You can use conditioning, grouping, and type = in various combinations.

## conditioning + type "r" or "smooth"
xyplot(lifeExp ~ gdpPercap | continent, jDat,
       grid = TRUE,
       scales = list(x = list(log = 10, equispaced.log = FALSE)),
       type = c("p", "smooth"), col.line = "darkorange", lwd = 4)
xyplot(lifeExp ~ gdpPercap | continent, jDat,
       grid = TRUE, group = continent,
       scales = list(x = list(log = 10, equispaced.log = FALSE)),
       type = c("p", "smooth"), lwd = 4)

Combat overplotting

In a univariate setting, we fought overplotting with jitter, before we turned to entirely different strategies, such as the kernel density estimation that underpins densityplot(). In scatterplots, the entry level solution to overplotting is to use alpha transparency for the points. I do that on the left via alpha = 1/2. Here's how to think of this: if alpha transparency is set to \(1/k\) then an area becomes opaque when \(k\) points overlap. (My lattice default specifies pch = 16, if you want to specify that in your call. Warning: not all graphics devices support alpha transparency.)
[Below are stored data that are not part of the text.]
lemma gadget_edge_outside_base:
  assumes j: "j < s" and i: "i < r" "i' < r" and H: "{\<sigma> j i, \<sigma> j i'} \<in> snd H"
    and ends: "en i j \<in> fst (path_graph (fam i j))" "en i' j \<in> fst (path_graph (fam i' j))"
  shows "\<exists>u v. {u, v} \<in> snd (gadget fam H r s \<sigma>) \<and> u \<in> fst (gadget fam H r s \<sigma>) \<and>
    v \<in> fst (gadget fam H r s \<sigma>) \<and> u \<notin> gadget_base fam s \<and> v \<notin> gadget_base fam s"
proof (intro exI conjI)
  let ?u = "glab fam i j (en i j)" and ?v = "glab fam i' j (en i' j)"
  have "{?u, ?v} \<in> H_copy j" using i H unfolding H_copy_def by blast
  then show "{?u, ?v} \<in> snd (gadget fam H r s \<sigma>)" using j unfolding edges_gadget by blast
  show "?u \<in> fst (gadget fam H r s \<sigma>)" "?v \<in> fst (gadget fam H r s \<sigma>)"
    using i j ends unfolding gadget_def fst_conv by blast+
  show "?u \<notin> gadget_base fam s" "?v \<notin> gadget_base fam s"
    using glab_in_gadget_base split_facts(4) i j by blast+
qed

end

lemma wf_graph_edges: "wf_graph F \<Longrightarrow> e \<in> snd F \<Longrightarrow> e \<subseteq> fst F"
  unfolding wf_graph_def by auto

lemma sparse_graph_iso:
  assumes iso: "graph_iso F G f" and wf: "wf_graph F" and G: "sparse k S c (snd G)"
    and W: "\<And>x. x \<in> fst F \<Longrightarrow> x \<in> W \<Longrightarrow> f x \<in> S"
  shows "sparse k W c (snd F)"
proof (rule sparse_embed[OF G])
  have "\<Union>(snd F) \<subseteq> fst F" using wf_graph_edges[OF wf] by blast
  then show "inj_on f (\<Union>(snd F))"
    using iso unfolding graph_iso_def by (meson bij_betw_imp_inj_on inj_on_subset)
  show "image f ` snd F \<subseteq> snd G"
  proof
    fix e' assume "e' \<in> image f ` snd F"
    then obtain e where "e \<in> snd F" "e' = f ` e" by blast
    moreover obtain x y where "x \<in> fst F" "y \<in> fst F" "e = {x, y}"
      using wf \<open>e \<in> snd F\<close> unfolding wf_graph_def by blast
    ultimately show "e' \<in> snd G" using iso unfolding graph_iso_def by auto
  qed
  show "f x \<in> S" if "x \<in> \<Union>(snd F)" "x \<in> W" for x
    using W that \<open>\<Union>(snd F) \<subseteq> fst F\<close> by blast
qed

lemma graph_iso_edge_preimage:
  assumes "graph_iso F G f" "{u, v} \<in> snd G" "u \<in> fst G" "v \<in> fst G"
  shows "\<exists>x\<in>fst F. \<exists>y\<in>fst F. f x = u \<and> f y = v \<and> {x, y} \<in> snd F"
proof -
  have "f ` fst F = fst G" using assms(1) unfolding graph_iso_def bij_betw_def by blast
  then obtain x y where xy: "x \<in> fst F" "y \<in> fst F" "f x = u" "f y = v"
    using assms(3,4) by (metis imageE)
  then have "{x, y} \<in> snd F" using assms(1,2) unfolding graph_iso_def by simp
  with xy show ?thesis by blast
qed

lemma gadget_split_exists:
  assumes "\<And>i j. i < r \<Longrightarrow> j < s \<Longrightarrow> \<exists>A B. path_split k (fam i j) A B"
    and "sparse k {} k (snd H)" "\<forall>j<s. bij_betw (\<sigma> j) {..<r} (fst H)" "0 < r"
  shows "\<exists>A B. gadget_split k r s fam H \<sigma> A B"
proof -
  obtain A B where "\<And>i j. i < r \<Longrightarrow> j < s \<Longrightarrow> path_split k (fam i j) (A i j) (B i j)"
    using assms(1) by metis
  then have "gadget_split k r s fam H \<sigma> A B"
    using assms(2-4) by unfold_locales (auto simp: bij_betw_def)
  then show ?thesis by blast
qed

context
  fixes k r s :: nat and fam :: "nat \<Rightarrow> nat \<Rightarrow> 'a rgraph list" and H :: "'b graph"
    and F :: "'v graph" and W :: "'v set"
  assumes gadget: "is_absorbing_gadget fam H r s F W"
    and paths: "\<And>i j. i < r \<Longrightarrow> j < s \<Longrightarrow>
      (\<exists>A B. path_split k (fam i j) A B) \<and> path_end (fam i j) \<in> fst (path_graph (fam i j))"
    and sparse_H: "sparse k {} k (snd H)" and "0 < k" "0 < r"
begin

lemma absorbing_gadget_sparse: "sparse k {} k (snd F) \<and> sparse k W 1 (snd F)"
proof -
  obtain \<sigma> f where \<sigma>: "\<forall>j<s. bij_betw (\<sigma> j) {..<r} (fst H)" and iso: "graph_iso F (gadget fam H r s \<sigma>) f"
    and base: "f ` W = gadget_base fam s" and wf: "wf_graph F"
    using gadget unfolding is_absorbing_gadget_def by blast
  obtain A B where "gadget_split k r s fam H \<sigma> A B"
    using gadget_split_exists[OF _ sparse_H \<sigma> \<open>0 < r\<close>] paths by blast
  then interpret gadget_split k r s fam H \<sigma> A B .
  have "sparse k {} k (snd F)" using sparse_gadget(1)[OF \<open>0 < k\<close>] by (rule sparse_graph_iso[OF iso wf]) simp
  moreover have "sparse k W 1 (snd F)"
    using sparse_gadget(2)[OF \<open>0 < k\<close>] by (rule sparse_graph_iso[OF iso wf]) (use base in blast)
  ultimately show ?thesis ..
qed

lemma absorbing_gadget_edge_avoiding_base:
  assumes "0 < s" and H: "{a, b} \<in> snd H" "a \<in> fst H" "b \<in> fst H"
  shows "\<exists>e\<in>snd F. e \<inter> W = {}"
proof -
  obtain \<sigma> f where \<sigma>: "\<forall>j<s. bij_betw (\<sigma> j) {..<r} (fst H)" and iso: "graph_iso F (gadget fam H r s \<sigma>) f"
    and base: "f ` W = gadget_base fam s"
    using gadget unfolding is_absorbing_gadget_def by blast
  obtain A B where "gadget_split k r s fam H \<sigma> A B"
    using gadget_split_exists[OF _ sparse_H \<sigma> \<open>0 < r\<close>] paths by blast
  then interpret gadget_split k r s fam H \<sigma> A B .
  have "\<sigma> 0 ` {..<r} = fst H" using \<sigma> \<open>0 < s\<close> by (simp add: bij_betw_def)
  then have a: "a \<in> \<sigma> 0 ` {..<r}" and b: "b \<in> \<sigma> 0 ` {..<r}" using H(2,3) by simp_all
  from a obtain i where "i < r" "\<sigma> 0 i = a" by auto
  moreover from b obtain i' where "i' < r" "\<sigma> 0 i' = b" by auto
  ultimately have i: "i < r" "i' < r" "{\<sigma> 0 i, \<sigma> 0 i'} \<in> snd H" using H(1) by simp_all
  have "\<exists>u v. {u, v} \<in> snd (gadget fam H r s \<sigma>) \<and> u \<in> fst (gadget fam H r s \<sigma>) \<and>
      v \<in> fst (gadget fam H r s \<sigma>) \<and> u \<notin> gadget_base fam s \<and> v \<notin> gadget_base fam s"
    by (rule gadget_edge_outside_base[OF \<open>0 < s\<close> i]) (use paths i(1,2) \<open>0 < s\<close> in simp_all)
  then obtain u v where uv: "{u, v} \<in> snd (gadget fam H r s \<sigma>)" "u \<in> fst (gadget fam H r s \<sigma>)"
    "v \<in> fst (gadget fam H r s \<sigma>)" "u \<notin> gadget_base fam s" "v \<notin> gadget_base fam s"
    by blast
  obtain x y where xy: "{x, y} \<in> snd F" "f x = u" "f y = v"
    using graph_iso_edge_preimage[OF iso uv(1-3)] by blast
  have "z \<notin> W" if "f z \<notin> gadget_base fam s" for z using that base by blast
  then have "{x, y} \<inter> W = {}" using xy(2,3) uv(4,5) by auto
  with xy(1) show ?thesis by blast
qed

lemma absorbing_gadget_Phi_bounds:
  fixes n :: nat and C p :: real
  assumes "0 < s" "{a, b} \<in> snd H" "a \<in> fst H" "b \<in> fst H"
    and "1 \<le> C" "p \<ge> C * real n powr (- 2 / real k)"
  shows "Phi0 n p (delete_vertices F W) \<ge> C * real n \<and> Phi n p F W \<ge> C * real n powr (1 / real k)"
proof
  have wf: "wf_graph F" using gadget unfolding is_absorbing_gadget_def by blast
  then have fin: "finite (fst F)" and edges: "\<forall>e\<in>snd F. e \<subseteq> fst F"
    using wf_graph_edges by (auto simp: wf_graph_def)
  let ?F' = "delete_vertices F W"
  have "sparse k {} k (snd ?F')"
    using absorbing_gadget_sparse by (auto simp: delete_vertices_def intro: sparse_subset)
  moreover have "snd ?F' \<noteq> {}"
    using absorbing_gadget_edge_avoiding_base[OF assms(1-4)] by (auto simp: delete_vertices_def)
  ultimately have "Phi0 n p ?F' \<ge> C * real n powr (real k / real k)"
    using fin edges \<open>0 < k\<close> assms(5,6)
    by (intro Phi_lower_bound) (auto simp: delete_vertices_def)
  then show "Phi0 n p ?F' \<ge> C * real n" using \<open>0 < k\<close> by simp
  have "snd F \<noteq> {}" using absorbing_gadget_edge_avoiding_base[OF assms(1-4)] by blast
  then show "Phi n p F W \<ge> C * real n powr (1 / real k)"
    using Phi_lower_bound[of k W 1 F] absorbing_gadget_sparse fin edges \<open>0 < k\<close> assms(5,6) by simp
qed

end

theorem lemma6p16:
  fixes k r s n :: nat and C p :: real
    and fam :: "nat \<Rightarrow> nat \<Rightarrow> (nat \<times> nat) rgraph list"
    and F :: "'v graph" and W :: "'v set"
  assumes "2 \<le> k" "k \<le> r" "1 \<le> s" "C > 1"
    and "p \<ge> C * real n powr (- 2 / real k)"
    and "k dvd r \<Longrightarrow> fam \<in> fam_set (vecH1 r k) r s"
    and "\<not> k dvd r \<Longrightarrow> 2 * k < r \<Longrightarrow> fam \<in> fam_set (vecH2 r k) r s"
    and "r < 2 * k \<Longrightarrow> k < r \<Longrightarrow> fam \<in> fam_set (vecH3 r k) r s"
    and "is_absorbing_gadget (\<lambda>i j. map rcompl (fam i j)) (gcompl (Hdet r k)) r s F W"
  shows "Phi0 n p (delete_vertices F W) \<ge> C * real n
       \<and> Phi n p F W \<ge> C * real n powr (1 / real k)"
proof (rule absorbing_gadget_Phi_bounds)
  show "is_absorbing_gadget (\<lambda>i j. map rcompl (fam i j)) (gcompl (Hdet r k)) r s F W" by fact
  show "(\<exists>A B. path_split k (map rcompl (fam i j)) A B) \<and>
      path_end (map rcompl (fam i j)) \<in> fst (path_graph (map rcompl (fam i j)))"
    if "i < r" "j < s" for i j
    using that assms(1,2,6-8) by (intro path_split_family) (auto simp: fam_set_def)
  show "sparse k {} k (snd (gcompl (Hdet r k)))" using assms(1,2) by (intro sparse_gcompl_Hdet) simp_all
  show "{(0, 0), (0, 1)} \<in> snd (gcompl (Hdet r k))" "(0, 0) \<in> fst (gcompl (Hdet r k))"
    "(0, 1) \<in> fst (gcompl (Hdet r k))"
    using edge_gcompl_Hdet[OF assms(1,2)] by simp_all
qed (use assms(1-5) in simp_all)

end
xyplot(lifeExp ~ gdpPercap | continent, jDat,
       grid = TRUE, 
       scales = list(x = list(log = 10, equispaced.log = FALSE)),
       type = c("p", "smooth"), lwd = 4, alpha = 1/2)
xyplot(lifeExp ~ gdpPercap | continent, jDat,
       grid = TRUE,
       scales = list(x = list(log = 10, equispaced.log = FALSE)),
       panel = panel.smoothScatter)

On the right I actually request a non-default panel function, panel.smoothScatter() that is, in fact, based on 2D kernel density estimation. There's more about panel functions here.

Finally, hexagonal binning is an interesting way to handle overplotting. The plane is divided into a hexagonal lattice and the individual hexagons are shaded according to the number of point that fall within. This requires an add-on library hexbin which you will need to install. Then you can use hexbinplo() as almost a drop-in substitute for xyplot().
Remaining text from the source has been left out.